AT ONE point in the program, Yogi Bajan, a Punjabi Sikh, was moved to leave a podium exclaiming. "We are not here to be slandered," when Philip Pick, an English Jew, was explaining his theories about how the Old Testament and the Talmud really lay down vegetarian dietary rules for Jews.

Someone then accused Yogi Bajan of sitting on calfskin and a woman from Brooklyn said she didn't get good vibes from him at all. After a call for unity Neil Ehmke, president of the New York Vegetarian Society, whose vegetarianism goes no farther than not eating meat, Pick went on to defend his contention that Jewish food traditions have grown up around wrong interpretations of what the Bible says.

He agreed with one questioner that it was like Portia's analysis of why Shylock couldn't have his pound of flesh: He'd have to shed blood to get it. And, says Pick, Kosher injunctions against blood in meat really mean that meat is forbidden.

The verve of militancy was evident again when the Vegetarian Activist Commune of Brooklyn reported on its activities. This group demonstrates in the guerilla theater tradition against rodeos, circuses and the Central Park Zoo. The Activists also campaign against the use of animal epithets among humans who want to put each other down. Everything from "you rat" and "what a lousy thing to do" to "why does she have to be so catty?"

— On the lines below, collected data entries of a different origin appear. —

text \<open>By the Kraft inequality, lengths with redundancy below \<open>L\<close> would give
  \<open>staircase_tail x \<le> a\<close>.\<close>
theorem opt_max_redundancy_ge:
  fixes \<theta> L :: real
  assumes \<theta>: "1/2 \<le> \<theta>" "\<theta> < 1"
  defines "a \<equiv> - log 2 \<theta>" and "x \<equiv> L - log 2 (1 - \<theta>)"
  assumes tail: "a < staircase_tail x"
  shows "ereal L \<le> opt_max_redundancy \<theta>"
  unfolding opt_max_redundancy_def
proof (rule INF_greatest)
  fix n assume "n \<in> {n. prefix_code_lengths n}"
  then obtain c where c: "prefix_code c" and len: "\<And>i. length (c i) = n i"
    unfolding prefix_code_lengths_def by auto
  have a: "0 < a" "a \<le> 1"
    unfolding a_def using neg_log2_pos_le_1[OF \<theta>] by simp_all
  show "ereal L \<le> max_redundancy n (geom_p \<theta>)"
  proof (rule ccontr)
    assume "\<not> ereal L \<le> max_redundancy n (geom_p \<theta>)"
    then have below: "max_redundancy n (geom_p \<theta>) < ereal L"
      by simp
    have staircase_le: "staircase (x + real i * a) \<le> (1/2) ^ n i" for i
    proof -
      have "ereal (real (n i) + log 2 (geom_p \<theta> i)) < ereal L"
        using below unfolding max_redundancy_def by (rule le_less_trans[OF SUP_upper, rotated]) simp
      then have "real (n i) < x + real i * a"
        using \<theta> by (simp add: log_geom_p a_def x_def)
      then show ?thesis
        unfolding staircase_le_power_iff by (simp add: le_floor_iff)
    qed
    have sum_le: "(\<Sum>i<K. staircase (x + real i * a)) \<le> 1" for K
    proof -
      have "(\<Sum>i<K. staircase (x + real i * a)) \<le> (\<Sum>i<K. (1/2) ^ length (c i))"
        unfolding len by (intro sum_mono staircase_le)
      also have "\<dots> \<le> 1"
        by (rule kraft_inequality[OF c])
      finally show ?thesis .
    qed
    obtain K where K: "staircase_tail (x + real K * a) < staircase_tail x - a"
      using ex_staircase_tail_less[OF a(1)] tail by (metis diff_gt_0_iff_gt)
    have "staircase_tail x - staircase_tail (x + real K * a)
        \<le> a * (\<Sum>i<K. staircase (x + real i * a))"
      using staircase_tail_diff_le_sum[OF a] .
    also have "\<dots> \<le> a"
      using sum_le[of K] a by (simp add: mult_le_cancel_left1)
    finally show False
      using K by simp
  qed
qed

section \<open>Asymptotics as \<open>\<theta> \<rightarrow> 1\<close>\<close>

definition log2_e :: real where
  "log2_e = log 2 (exp 1)"

lemma log2_e_eq: "log2_e = 1 / ln 2"
  by (simp add: log2_e_def)

lemma log2_e_gt_1: "1 < log2_e"
  using ln_2_less_1 by (simp add: log2_e_eq)

lemma log2_e_less_2: "log2_e < 2"
  using ln2_ge_two_thirds by (simp add: log2_e_eq field_simps)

MEANWHILE, other groups have been hearing the strong voice of nonogenarian pacifist Scott Nearing as he explains the gardening methods he uses on the Maine farm where he and his wife, Helen, have for decades made an art of the simple life. Still other vegetarians have been discussing nutrition, natural childbirth and breast feeding, diseases of civilization, ecology, meditation, accupuncture, yoga exercises and color therapy.

There have even been a couple of special meetings for children, where Anne and Daniel Dinshah, 6-year-old daughter and 8-year-old son of two key congress leaders, have talked about being a vegetarian when the other kids are off to McDonalds for hamburgers. (It's hard, but think of the poor animals.)

Around the university gym, where many of the meeting are being held, there are booths where you can buy juicers and vegetarian coloring books, "Diet for a Small Planet" and distilled water. There's also a young man selling three kinds of dried seaweed, which he and his wife gather off the Maine coast and dry themselves. All three - kelp, alaria and dulse - are good. Very nice for munching with a glass of wine you probably won't have if you're a vegetarian; the same satisfactions of salt and chewiness you get from (oops) beef jerky, slack dried hake or the dried cod icelanders enjoy with butter on it.

Nobody has done much with the allegations of some anthropologists that fossil teeth suggest the human creatue has been a carnivore for millions of years. Or what specialists in comparative anatomy say about the length of the human intestines as opposed to the digestive apparatus of ruminants.

And I never did find out what was meant by the breatharian slogan od "Sunshine for Lunch."